When you write out the entries, keep every line exactly as it appears.
Given records START
lemma hp_map_uniform_depth:
  assumes a: "0 < Re a" "cmod (a - 1/4) < 1/4"
  shows "\<exists>k>0. \<forall>W. 0 < hp_depth W \<longrightarrow> k \<le> hp_depth (hp_map a W)"
proof -
  define e where "e = 1/16 - (cmod (a - 1/4))\<^sup>2"
  define L where "L = (3/2 + Re a)\<^sup>2 + 2 * (Im a)\<^sup>2"
  define k where "k = min (Re a / 2) (min 1 (e / (2 * L)))"
  have e: "0 < e"
    using power_strict_mono[OF a(2) norm_ge_zero, of 2] unfolding e_def by (simp add: power2_eq_square)
  have L: "0 < L"
    unfolding L_def using a(1) by (simp add: add_pos_nonneg)
  have k: "0 < k" "k \<le> Re a / 2" "k \<le> 1"
    using a(1) e L by (simp_all add: k_def)
  have "k \<le> e / (2 * L)"
    by (simp add: k_def)
  then have kL: "k * L \<le> e / 2"
    using L by (simp add: field_simps)
  have "k \<le> hp_depth (hp_map a W)" if W: "0 < hp_depth W" for W
  proof (cases "k \<le> hp_depth W")
    case True
    then show ?thesis
      using hp_depth_le_hp_depth_hp_map[OF a(1) _ W] a(2) by linarith
  next
    case False
    have D: "0 < (cmod (W + a))\<^sup>2" "(cmod (W + a))\<^sup>2 \<le> 2 * (Im W)\<^sup>2 + L"
      using add_ne_0_if_hp_depth_pos[OF _ W] a(2) norm_add_square_le[OF _ W] a(1) False k(3)
      by (auto simp: L_def)
    have "k * (cmod (W + a))\<^sup>2 \<le> 2 * k * (Im W)\<^sup>2 + k * L"
      using mult_left_mono[OF D(2), of k] k(1) by (simp add: algebra_simps)
    also have "\<dots> \<le> e / 2 + Re a * (Im W)\<^sup>2"
      using k(2) kL mult_right_mono[of "2 * k" "Re a" "(Im W)\<^sup>2"] by simp
    finally have "k \<le> (e / 2 + Re a * (Im W)\<^sup>2) / (cmod (W + a))\<^sup>2"
      using D(1) by (simp add: field_simps)
    then show ?thesis
      using hp_depth_hp_map_ge[OF a(1) _ W] a(2) W unfolding e_def by linarith
  qed
  then show ?thesis
    using k(1) by blast
qed

lemma norm_add_half_square_bound:
  assumes a: "0 < Re a" "cmod (a - 1/4) \<le> 1/4" and W: "0 < hp_depth W"
    and \<delta>: "hp_depth (hp_map a W) < \<delta>" "\<delta> \<le> 1" "\<delta> \<le> Re a / 4"
  shows "Re a * (cmod (W + 1/2))\<^sup>2 < \<delta> * (Re a + 2 * ((3/2 + Re a)\<^sup>2 + 2 * (Im a)\<^sup>2))"
proof -
  define L where "L = (3/2 + Re a)\<^sup>2 + 2 * (Im a)\<^sup>2"
  define t where "t = hp_depth W"
  define D where "D = (cmod (W + a))\<^sup>2"
  have t: "0 < t" "t < \<delta>"
    using W \<delta>(1) hp_depth_le_hp_depth_hp_map[OF a W] unfolding t_def by simp_all
  have D: "0 < D" "D \<le> 2 * (Im W)\<^sup>2 + L"
    using add_ne_0_if_hp_depth_pos[OF a(2) W] norm_add_square_le[OF _ W] a(1) t \<delta>(2)
    unfolding D_def L_def t_def by auto
  have "Re a * (Im W)\<^sup>2 / D \<le> hp_depth (hp_map a W) - t"
    using hp_depth_hp_map_ge_Im[OF a W] unfolding t_def D_def by simp
  then have "Re a * (Im W)\<^sup>2 / D < \<delta>"
    using \<delta>(1) t(1) by linarith
  then have "Re a * (Im W)\<^sup>2 < \<delta> * D"
    using pos_divide_less_eq[OF D(1)] by simp
  also have "\<dots> \<le> Re a / 2 * (Im W)\<^sup>2 + \<delta> * L"
    using mult_left_mono[OF D(2), of \<delta>] t \<delta>(3) mult_right_mono[of "2 * \<delta>" "Re a / 2" "(Im W)\<^sup>2"]
    by (simp add: algebra_simps)
  finally have Im_small: "Re a * (Im W)\<^sup>2 < 2 * \<delta> * L"
    by linarith
  have "t * t \<le> t * 1"
    using t \<delta>(2) by (intro mult_left_mono) auto
  then have "Re a * t\<^sup>2 \<le> Re a * \<delta>"
    using t a(1) unfolding power2_eq_square by (intro mult_left_mono) linarith+
  moreover have "(cmod (W + 1/2))\<^sup>2 = t\<^sup>2 + (Im W)\<^sup>2"
    unfolding t_def hp_depth_def cmod_power2 by (simp add: power2_eq_square algebra_simps)
  ultimately show ?thesis
    using Im_small unfolding L_def by (simp add: algebra_simps)
qed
Given records END
Answer box ▸
lemma hp_map_uniform_depth:
  assumes a: "0 < Re a" "cmod (a - 1/4) < 1/4"
  shows "\<exists>k>0. \<forall>W. 0 < hp_depth W \<longrightarrow> k \<le> hp_depth (hp_map a W)"
proof -
  define e where "e = 1/16 - (cmod (a - 1/4))\<^sup>2"
  define L where "L = (3/2 + Re a)\<^sup>2 + 2 * (Im a)\<^sup>2"
  define k where "k = min (Re a / 2) (min 1 (e / (2 * L)))"
  have e: "0 < e"
    using power_strict_mono[OF a(2) norm_ge_zero, of 2] unfolding e_def by (simp add: power2_eq_square)
  have L: "0 < L"
    unfolding L_def using a(1) by (simp add: add_pos_nonneg)
  have k: "0 < k" "k \<le> Re a / 2" "k \<le> 1"
    using a(1) e L by (simp_all add: k_def)
  have "k \<le> e / (2 * L)"
    by (simp add: k_def)
  then have kL: "k * L \<le> e / 2"
    using L by (simp add: field_simps)
  have "k \<le> hp_depth (hp_map a W)" if W: "0 < hp_depth W" for W
  proof (cases "k \<le> hp_depth W")
    case True
    then show ?thesis
      using hp_depth_le_hp_depth_hp_map[OF a(1) _ W] a(2) by linarith
  next
    case False
    have D: "0 < (cmod (W + a))\<^sup>2" "(cmod (W + a))\<^sup>2 \<le> 2 * (Im W)\<^sup>2 + L"
      using add_ne_0_if_hp_depth_pos[OF _ W] a(2) norm_add_square_le[OF _ W] a(1) False k(3)
      by (auto simp: L_def)
    have "k * (cmod (W + a))\<^sup>2 \<le> 2 * k * (Im W)\<^sup>2 + k * L"
      using mult_left_mono[OF D(2), of k] k(1) by (simp add: algebra_simps)
    also have "\<dots> \<le> e / 2 + Re a * (Im W)\<^sup>2"
      using k(2) kL mult_right_mono[of "2 * k" "Re a" "(Im W)\<^sup>2"] by simp
    finally have "k \<le> (e / 2 + Re a * (Im W)\<^sup>2) / (cmod (W + a))\<^sup>2"
      using D(1) by (simp add: field_simps)
    then show ?thesis
      using hp_depth_hp_map_ge[OF a(1) _ W] a(2) W unfolding e_def by linarith
  qed
  then show ?thesis
    using k(1) by blast
qed

lemma norm_add_half_square_bound:
  assumes a: "0 < Re a" "cmod (a - 1/4) \<le> 1/4" and W: "0 < hp_depth W"
    and \<delta>: "hp_depth (hp_map a W) < \<delta>" "\<delta> \<le> 1" "\<delta> \<le> Re a / 4"
  shows "Re a * (cmod (W + 1/2))\<^sup>2 < \<delta> * (Re a + 2 * ((3/2 + Re a)\<^sup>2 + 2 * (Im a)\<^sup>2))"
proof -
  define L where "L = (3/2 + Re a)\<^sup>2 + 2 * (Im a)\<^sup>2"
  define t where "t = hp_depth W"
  define D where "D = (cmod (W + a))\<^sup>2"
  have t: "0 < t" "t < \<delta>"
    using W \<delta>(1) hp_depth_le_hp_depth_hp_map[OF a W] unfolding t_def by simp_all
  have D: "0 < D" "D \<le> 2 * (Im W)\<^sup>2 + L"
    using add_ne_0_if_hp_depth_pos[OF a(2) W] norm_add_square_le[OF _ W] a(1) t \<delta>(2)
    unfolding D_def L_def t_def by auto
  have "Re a * (Im W)\<^sup>2 / D \<le> hp_depth (hp_map a W) - t"
    using hp_depth_hp_map_ge_Im[OF a W] unfolding t_def D_def by simp
  then have "Re a * (Im W)\<^sup>2 / D < \<delta>"
    using \<delta>(1) t(1) by linarith
  then have "Re a * (Im W)\<^sup>2 < \<delta> * D"
    using pos_divide_less_eq[OF D(1)] by simp
  also have "\<dots> \<le> Re a / 2 * (Im W)\<^sup>2 + \<delta> * L"
    using mult_left_mono[OF D(2), of \<delta>] t \<delta>(3) mult_right_mono[of "2 * \<delta>" "Re a / 2" "(Im W)\<^sup>2"]
    by (simp add: algebra_simps)
  finally have Im_small: "Re a * (Im W)\<^sup>2 < 2 * \<delta> * L"
    by linarith
  have "t * t \<le> t * 1"
    using t \<delta>(2) by (intro mult_left_mono) auto
  then have "Re a * t\<^sup>2 \<le> Re a * \<delta>"
    using t a(1) unfolding power2_eq_square by (intro mult_left_mono) linarith+
  moreover have "(cmod (W + 1/2))\<^sup>2 = t\<^sup>2 + (Im W)\<^sup>2"
    unfolding t_def hp_depth_def cmod_power2 by (simp add: power2_eq_square algebra_simps)
  ultimately show ?thesis
    using Im_small unfolding L_def by (simp add: algebra_simps)
qed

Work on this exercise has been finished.